Human cancer results from the stepwise accumulation of genetic alterations within a cell. The transition from a normal cell to pre-invasive, invasive, and finally metastatic malignancy results from multiple genetic lesions which confer a progressive selective advantage and which are therefore maintained within the evolving tumor. In most cases, both the initiating genetic event and subsequent alterations occur somatically and are therefore observed in tumor but not normal tissues. However in the case of inherited cancer predisposition syndromes (for example, hereditary breast/ovarian cancer) a germline mutation (in this case in BRCA1/2) contributes to tumor initiation and is thus observed in both normal and tumor tissues. Even in these cases, however, multiple additional genetic abnormalities are required for carcinogenesis, including somatic loss of the remaining normal allele of the germline predisposition gene.
Tumor genetic analysis is playing a rapidly expanding role in cancer diagnosis, prognostication, and treatment. Genes altered in cancer function in basic cell cycle regulation, transmission of growth signals, regulation of cellular differentiation and cell death, and other key properties. As a result, the collection of genetic abnormalities found within an individual tumor can influence the clinical behavior of that cancer. Much of the clinical focus in recent years has been on alterations in genes involved in cellular signaling, including EGFR, RAS, BRAF and others, since the protein products of these genes not only promote tumorigenesis but are also attractive therapeutic targets (see “Targeted Therapy” section for more details). While some tumor genetic abnormalities are highly specific to certain cancers, such as the BCR-ABL translocation in chronic myelogenous leukemia and acute lymphoblastic leukemia, other abnormalities, such as mutational activation of the KRAS or PIK3CA oncogenes, are associated with many different cancers. Going forward, it is likely that analysis of an increasingly broad set of genes will be carried out as part of routine clinical cancer diagnostics.
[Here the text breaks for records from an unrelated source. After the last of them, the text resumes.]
(* The variety $\mathcal{WHB}$ of WHB-algebras has the amalgamation property: for all WHB-algebras $\mathbf A,\mathbf B,\mathbf C$ and injective homomorphisms $i\colon\mathbf A\to\mathbf B$, $j\colon\mathbf A\to\mathbf C$, there exist a WHB-algebra $\mathbf D$ and injective homomorphisms $h\colon\mathbf B\to\mathbf D$, $k\colon\mathbf C\to\mathbf D$ with $h\circ i=k\circ j$.
   Context: A WHB-algebra is an algebra $(A,\wedge,\vee,\to,\leftarrow,0,1)$ such that $(A,\wedge,\vee,0,1)$ is a bounded distributive lattice and for all $a,b,c\in A$: $a\to a=1$; $a\to(b\wedge c)=(a\to b)\wedge(a\to c)$; $(a\vee b)\to c=(a\to c)\wedge(b\to c)$; $(a\to b)\wedge(b\to c)\le a\to c$; $a\leftarrow a=0$; $(a\vee b)\leftarrow c=(a\leftarrow c)\vee(b\leftarrow c)$; $a\leftarrow(b\wedge c)=(a\leftarrow b)\vee(a\leftarrow c)$; $a\leftarrow c\le(a\leftarrow b)\vee(b\leftarrow c)$; $a\wedge((a\to b)\leftarrow 0)\le b$; $a\le b\vee(1\to(a\leftarrow b))$. *)

theory Defs
  imports Main
begin

record 'a whb_alg =
  carrier :: "'a set"
  meet :: "'a \<Rightarrow> 'a \<Rightarrow> 'a"
  join :: "'a \<Rightarrow> 'a \<Rightarrow> 'a"
  imp :: "'a \<Rightarrow> 'a \<Rightarrow> 'a"
  coimp :: "'a \<Rightarrow> 'a \<Rightarrow> 'a"
  bot :: "'a"
  top :: "'a"

definition leq :: "('a, 'm) whb_alg_scheme \<Rightarrow> 'a \<Rightarrow> 'a \<Rightarrow> bool" where
  "leq A a b \<longleftrightarrow> meet A a b = a"

definition whb_algebra :: "('a, 'm) whb_alg_scheme \<Rightarrow> bool" where
  "whb_algebra A \<longleftrightarrow>
    \<comment> \<open>closure of the carrier under the operations\<close>
    bot A \<in> carrier A \<and> top A \<in> carrier A \<and>
    (\<forall>a\<in>carrier A. \<forall>b\<in>carrier A.
       meet A a b \<in> carrier A \<and> join A a b \<in> carrier A \<and>
       imp A a b \<in> carrier A \<and> coimp A a b \<in> carrier A) \<and>
    \<comment> \<open>bounded distributive lattice\<close>
    (\<forall>a\<in>carrier A. \<forall>b\<in>carrier A. \<forall>c\<in>carrier A.
       meet A a (meet A b c) = meet A (meet A a b) c \<and>
       join A a (join A b c) = join A (join A a b) c \<and>
       meet A a b = meet A b a \<and> join A a b = join A b a \<and>
       meet A a (join A a b) = a \<and> join A a (meet A a b) = a \<and>
       meet A a (join A b c) = join A (meet A a b) (meet A a c) \<and>
       meet A a (bot A) = bot A \<and> join A a (top A) = top A) \<and>
    \<comment> \<open>WHB axioms\<close>
    (\<forall>a\<in>carrier A. \<forall>b\<in>carrier A. \<forall>c\<in>carrier A.
       imp A a a = top A \<and>
       imp A a (meet A b c) = meet A (imp A a b) (imp A a c) \<and>
       imp A (join A a b) c = meet A (imp A a c) (imp A b c) \<and>
       leq A (meet A (imp A a b) (imp A b c)) (imp A a c) \<and>
       coimp A a a = bot A \<and>
       coimp A (join A a b) c = join A (coimp A a c) (coimp A b c) \<and>
       coimp A a (meet A b c) = join A (coimp A a b) (coimp A a c) \<and>
       leq A (coimp A a c) (join A (coimp A a b) (coimp A b c)) \<and>
       leq A (meet A a (coimp A (imp A a b) (bot A))) b \<and>
       leq A a (join A b (imp A (top A) (coimp A a b))))"

definition whb_hom ::
  "('a, 'm) whb_alg_scheme \<Rightarrow> ('b, 'n) whb_alg_scheme \<Rightarrow> ('a \<Rightarrow> 'b) \<Rightarrow> bool" where
  "whb_hom A B f \<longleftrightarrow>
    (\<forall>a\<in>carrier A. f a \<in> carrier B) \<and>
    f (bot A) = bot B \<and> f (top A) = top B \<and>
    (\<forall>a\<in>carrier A. \<forall>b\<in>carrier A.
       f (meet A a b) = meet B (f a) (f b) \<and>
       f (join A a b) = join B (f a) (f b) \<and>
       f (imp A a b) = imp B (f a) (f b) \<and>
       f (coimp A a b) = coimp B (f a) (f b))"

definition whb_emb ::
  "('a, 'm) whb_alg_scheme \<Rightarrow> ('b, 'n) whb_alg_scheme \<Rightarrow> ('a \<Rightarrow> 'b) \<Rightarrow> bool" where
  "whb_emb A B f \<longleftrightarrow> whb_hom A B f \<and> inj_on f (carrier A)"

end

theory Submission
  imports Defs
begin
Tumor-specific genetic alterations may include point mutations, nucleotide insertions and deletions, gains and losses of entire genes, and gross DNA rearrangements. While an individual tumor is likely to harbor many such changes, only a subset of these are functionally important. Such key mutations that drive cancer progression have therefore been termed “driver” mutations, in contrast to irrelevant genetic changes carried along which are known as “passenger” mutations. Although in some cases it can be challenging to distinguish passenger from driver events, the vast majority of genetic changes that are recurrent and are established as important for cancer prognostication and/or treatment are driver mutations.
Why is it important to consider tumor genetic analysis for many cancer patients, given that only a handful of truly therapeutically relevant genetic changes in a few tumor types have been identified to date? The field of cancer medicine is now at in inflection point in which advances toward more rational and effective cancer therapy are occurring at an ever-accelerating rate. This progress is being made possible by the convergence of at least three factors: a better understanding of cancer pathogenesis and biology, the increased availability of many new and highly selective therapeutic agents, and new technology that allows sophisticated genetic analysis of clinical tumor specimens. As a result, patients now have access to a new generation of clinical trials and other treatment options based on the genetics of their individual tumor. Therefore, progress for individual patients, as well as for cancer medicine as a whole, will require the routine collection and analysis of such detailed molecular tumor diagnostic information.